Nos grévistes ont droit à toutes les félicita¬tions des honnêtes gens pour le calme dont ils n’ont cessé de faire preuve.

Les ouvriers rendent également justice à l’at-titude conciliante du maire et de M. Robert, le sympathique directeur de l’usine.

Ce matin, à 6 heures, une entente étant sur-venue entre le directeur et les grévistes, ceux-ci ont repris le travail. La rentrée dans les ateliers s’est effectuée sans aucun incident.

La grève est donc complètement terminée. — Disons, à ce propos, que, ce matin, est arrivé aux estacades des usines de Couëron, le Jason, steamer anglais, chargé de 800 tonnes de plomb.

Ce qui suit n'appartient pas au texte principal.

(* Under the setting and assumptions in the context, fix a client $i$ and weights $\boldsymbol\alpha_i=(\alpha_{i1},\dots,\alpha_{im})\in\mathbb R^m$ with $\sum_{j=1}^m\alpha_{ij}=1$. Let $\hat{\mathbf g}_j$ be the empirical classifier of client $j$, $\mathbf g_j:=\mathbb E[\hat{\mathbf g}_j]$, and $\hat{\mathbf g}_i^*:=\sum_{j=1}^m\alpha_{ij}\hat{\mathbf g}_j$. Define the testing loss $R_i(\boldsymbol\alpha_i):=\mathbb E\big[\chi^2_i\big(P^{(i)}_{XY},P_XQ_{Y|X}(\hat{\mathbf g}^*_i)\big)\big]$ and $V_j:=n_j\,\mathbb E\big[\chi^2_i\big(P_XQ_{Y|X}(\hat{\mathbf g}_j),P_XQ_{Y|X}(\mathbf g_j)\big)\big]$. Then $$R_i(\boldsymbol\alpha_i)=\chi^2_i\Big(P_XQ_{Y|X}(\mathbf g_i),\sum_{j=1}^m\alpha_{ij}P_XQ_{Y|X}(\mathbf g_j)\Big)+\sum_{j=1}^m\frac{\alpha_{ij}^2}{n_j}V_j+\chi^2_i\big(P^{(i)}_{XY},P_XQ_{Y|X}(\mathbf g_i)\big),$$ which is a quadratic function of $\boldsymbol\alpha_i$; here $V_j$ does not depend on $\boldsymbol\alpha_i$.
   Context: Let $\mathcal X$ be a finite input space and $\mathcal Y$ a finite label set with $|\mathcal Y|=K$. Let $\mathbf f:\mathcal X\to\mathbb R^d$ be a fixed feature map. For a function $\mathbf g:\mathcal Y\to\mathbb R^d$ define the model $Q_{Y|X}(y|x;\mathbf g)=\frac1K\big(1+\mathbf f(x)^\top\mathbf g(y)\big)$. There are $m$ clients; client $j$ has a true joint distribution $P^{(j)}_{XY}$ on $\mathcal X\times\mathcal Y$. Standing assumptions: (A1) $P^{(j)}_X=P_X$ for all $j$, with $P_X(x)>0$ for all $x$; (A2) $\mathbb E_{P_X}[\mathbf f(X)]=\mathbf 0$; (A3) $\Lambda:=\mathbb E_{P_X}[\mathbf f(X)\mathbf f(X)^\top]$ is invertible. Client $j$ holds $n_j$ i.i.d. samples from $P^{(j)}_{XY}$, samples of different clients being independent; $\hat P^{(j)}_{XY}$ is the resulting empirical distribution and $\mathbb E$ denotes expectation over sampling. The $\chi^2_i$-distance is $\chi^2_i(P,Q)=\sum_{x,y}\frac{(P(x,y)-Q(x,y))^2}{P^{(i)}_X(x)}$ (applied to arbitrary real functions on $\mathcal X\times\mathcal Y$), and $P_XQ_{Y|X}(\mathbf g)$ denotes $(x,y)\mapsto P_X(x)Q_{Y|X}(y|x;\mathbf g)$. The empirical classifier of client $j$ is $\hat{\mathbf g}_j:=\arg\min_{\mathbf g:\mathcal Y\to\mathbb R^d}\chi^2_j\big(\hat P^{(j)}_{XY},P_XQ_{Y|X}(\mathbf g)\big)$ (which exists and is unique under (A1)-(A3)). *)

theory Defs
  imports "HOL-Analysis.Analysis" "HOL-Probability.Probability"
begin

definition chi2 :: "('x::finite \<Rightarrow> real) \<Rightarrow> ('x \<times> 'y::finite \<Rightarrow> real) \<Rightarrow> ('x \<times> 'y \<Rightarrow> real) \<Rightarrow> real" where
  "chi2 PX P Q = (\<Sum>x\<in>UNIV. \<Sum>y\<in>UNIV. (P (x, y) - Q (x, y))^2 / PX x)"

definition QPX :: "('x::finite \<Rightarrow> real) \<Rightarrow> ('x \<Rightarrow> real^'d::finite) \<Rightarrow> ('y::finite \<Rightarrow> real^'d) \<Rightarrow> ('x \<times> 'y \<Rightarrow> real)" where
  "QPX PX f g = (\<lambda>(x, y). PX x * (1 + f x \<bullet> g y) / real CARD('y))"

definition emp_dist :: "nat \<Rightarrow> (nat \<Rightarrow> 'a) \<Rightarrow> ('a \<Rightarrow> real)" where
  "emp_dist n s = (\<lambda>a. real (card {k\<in>{..<n}. s k = a}) / real n)"

definition emp_classifier :: "('x::finite \<Rightarrow> real) \<Rightarrow> ('x \<Rightarrow> real^'d::finite) \<Rightarrow> ('x \<times> 'y::finite \<Rightarrow> real) \<Rightarrow> ('y \<Rightarrow> real^'d)" where
  "emp_classifier PX f Phat = (THE g. \<forall>g'. chi2 PX Phat (QPX PX f g) \<le> chi2 PX Phat (QPX PX f g'))"

text \<open>Joint sampling distribution: omega j k is the k-th sample of client j,
  all samples independent, client j's samples i.i.d. from P j.\<close>
definition sample_pmf :: "nat \<Rightarrow> (nat \<Rightarrow> nat) \<Rightarrow> (nat \<Rightarrow> ('x \<times> 'y) pmf) \<Rightarrow> (nat \<Rightarrow> nat \<Rightarrow> 'x \<times> 'y) pmf" where
  "sample_pmf m n P = Pi_pmf {..<m} (\<lambda>_. undefined) (\<lambda>j. Pi_pmf {..<n j} undefined (\<lambda>_. P j))"

end

theory Submission
  imports Defs
begin

text \<open>
  The \<open>\<chi>\<^sup>2\<^sub>i\<close>-distance is the squared norm of the inner product \<open>\<langle>a, b\<rangle> = \<Sum> a b / P_X\<close>,
  and the model joints \<open>P_X Q(g)\<close> form an affine subspace whose directions are the functions
  \<open>P_X(x) f(x)\<^sup>T v(y)\<close>. The empirical classifier is therefore the orthogonal projection of the
  empirical distribution, which is the linear map \<open>g(y) = K \<Lambda>\<^sup>-\<^sup>1 \<Sum>\<^sub>x P(x, y) f(x)\<close>.
  Unbiasedness of the empirical distributions makes \<open>g_i\<close> the projection of \<open>P\<^sup>(\<^sup>i\<^sup>)\<close>, so
  Pythagoras splits the risk into \<open>\<chi>\<^sup>2\<^sub>i(P\<^sup>(\<^sup>i\<^sup>), P_X Q(g_i))\<close> plus the expected distance from
  \<open>P_X Q(g_i)\<close> to \<open>P_X Q(\<Sum> \<alpha>_j ghat_j) = \<Sum> \<alpha>_j P_X Q(ghat_j)\<close> (the model is affine and the weights
  sum to one). The errors \<open>P_X Q(ghat_j) - P_X Q(g_j)\<close> are centred and, the clients being
  independent, uncorrelated; hence that distance is a bias term plus \<open>\<Sum> \<alpha>_j\<^sup>2 V_j / n_j\<close>.
\<close>

lemma chi2_split:
  "chi2 PX u w = chi2 PX u v + chi2 PX v w
     + 2 * (\<Sum>x\<in>UNIV. \<Sum>y\<in>UNIV. (u (x, y) - v (x, y)) * (v (x, y) - w (x, y)) / PX x)"
proof -
  have "(u (x, y) - w (x, y))^2 / PX x = (u (x, y) - v (x, y))^2 / PX x + (v (x, y) - w (x, y))^2 / PX x
      + 2 * ((u (x, y) - v (x, y)) * (v (x, y) - w (x, y)) / PX x)" for x y
    by (simp add: power2_eq_square add_divide_distrib[symmetric]) (simp add: algebra_simps)
  then show ?thesis
    unfolding chi2_def sum_distrib_left by (simp add: sum.distrib)
qed

lemma chi2_nonneg: "(\<And>x. PX x > 0) \<Longrightarrow> 0 \<le> chi2 PX u v"
  unfolding chi2_def by (intro sum_nonneg) (simp add: less_imp_le)

lemma chi2_eq_0_iff:
  assumes "\<And>x. PX x > 0"
  shows "chi2 PX u v = 0 \<longleftrightarrow> u = v"
proof
  assume "chi2 PX u v = 0"
  then have "\<forall>x. \<forall>y. (u (x, y) - v (x, y))^2 / PX x = 0"
    unfolding chi2_def using assms
    by (simp add: sum_nonneg_eq_0_iff sum_nonneg less_imp_le)
  then have "u (x, y) = v (x, y)" for x y
    using assms[of x] by (metis divide_eq_0_iff less_irrefl power_eq_0_iff right_minus_eq)
  then show "u = v" by auto
qed (simp add: chi2_def)

definition feature_cov :: "('x::finite \<Rightarrow> real) \<Rightarrow> ('x \<Rightarrow> real^'d::finite) \<Rightarrow> real^'d^'d" where
  "feature_cov PX f = (\<chi> k l. \<Sum>x\<in>UNIV. PX x * (f x $ k) * (f x $ l))"

lemma feature_cov_mult_vec: "feature_cov PX f *v v = (\<Sum>x\<in>UNIV. (PX x * (f x \<bullet> v)) *\<^sub>R f x)"
proof (subst vec_eq_iff, intro allI)
  fix k
  have "(feature_cov PX f *v v) $ k = (\<Sum>l\<in>UNIV. \<Sum>x\<in>UNIV. PX x * f x $ k * f x $ l * v $ l)"
    unfolding feature_cov_def matrix_vector_mult_def by (simp add: sum_distrib_right)
  also have "\<dots> = (\<Sum>x\<in>UNIV. \<Sum>l\<in>UNIV. PX x * f x $ k * f x $ l * v $ l)"
    by (rule sum.swap)
  also have "\<dots> = (\<Sum>x\<in>UNIV. (PX x * (f x \<bullet> v)) *\<^sub>R f x) $ k"
    unfolding sum_component inner_vec_def
    by (intro sum.cong refl) (simp add: sum_distrib_left sum_distrib_right mult_ac)
  finally show "(feature_cov PX f *v v) $ k = (\<Sum>x\<in>UNIV. (PX x * (f x \<bullet> v)) *\<^sub>R f x) $ k" .
qed

lemma inner_feature_cov: "u \<bullet> (feature_cov PX f *v v) = (\<Sum>x\<in>UNIV. PX x * (f x \<bullet> u) * (f x \<bullet> v))"
  unfolding feature_cov_mult_vec by (simp add: inner_sum_right mult_ac inner_commute)

lemma matrix_mul_matrix_inv: "invertible A \<Longrightarrow> A ** matrix_inv A = mat 1"
  unfolding invertible_def matrix_inv_def by (rule someI2_ex) auto

lemma QPX_diff:
  fixes g g' :: "'y::finite \<Rightarrow> real^'d::finite"
  shows "QPX PX f g (x, y) - QPX PX f g' (x, y) = PX x * (f x \<bullet> (g y - g' y)) / real CARD('y)"
  unfolding QPX_def by (simp add: inner_diff_right diff_divide_distrib[symmetric] algebra_simps)

lemma QPX_inj:
  fixes g g' :: "'y::finite \<Rightarrow> real^'d::finite"
  assumes PX_pos: "\<And>x. PX x > 0" and invertible: "invertible (feature_cov PX f)"
    and eq: "QPX PX f g = QPX PX f g'"
  shows "g = g'"
proof
  fix y
  have "f x \<bullet> (g y - g' y) = 0" for x
    using arg_cong[OF eq, of "\<lambda>q. q (x, y) - QPX PX f g' (x, y)"] PX_pos[of x]
    by (simp add: QPX_diff)
  then have "feature_cov PX f *v (g y - g' y) = feature_cov PX f *v 0"
    by (simp add: feature_cov_mult_vec)
  then have "g y - g' y = 0"
    using inj_matrix_vector_mult[OF invertible] by (metis injD)
  then show "g y = g' y" by simp
qed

Un autre correspondant de Couëron nous donne quelques détails sur les conditions de la rentrée :

Les ouvriers en cuivre, tréfilerie, laminoirs, etc., rentrent aux mêmes conditions. Cependant, ils ont obtenu plusieurs améliorations, telles que la paie régulière tous les quinze jours, qui avait lieu toutes les trois semaines lorsque le 15 ou la fin du mois se trouvait trop près du dimanche.

  1. le directeur leur a promis, en outre, de faire son possible pour obtenir une heure et demie au lieu d’une heure qu’ils ont actuellement pour le repas de onze heures ; diverses améliorations intérieures, etc.

Nous recevons la lettre suivante : Monsieur le Directeur. — J’ai l’honneur de vous informer que l’Association amicale des tapissiers-décorateurs organise une grande kermesse pour le dimanche 11 courant, jour de la Pentecôte, sur le cours de la Republique, avec le concours d’une musique de la ville, d’artistes Nantais et Parisiens. De nombreuses attractions y seront installées, L’Association organise aussi un grand concours de tir à la carabine sous le patronage de la Société de tir de France et d’Algérie, avec des prix très sérieux, lesquels seront exposés, à partir du dimanche 4 courant, chez M. Paul-Renaud, photographe, rue Guépin. Un café-chantant y sera également installé ; les meilleurs amateurs nantais et parisiens s’y feront entendre ; puis, pour clôturer la fête, grande bataille de fleurs.

Veuillez agréer, etc. — Paul PELTIER, président de l’Association.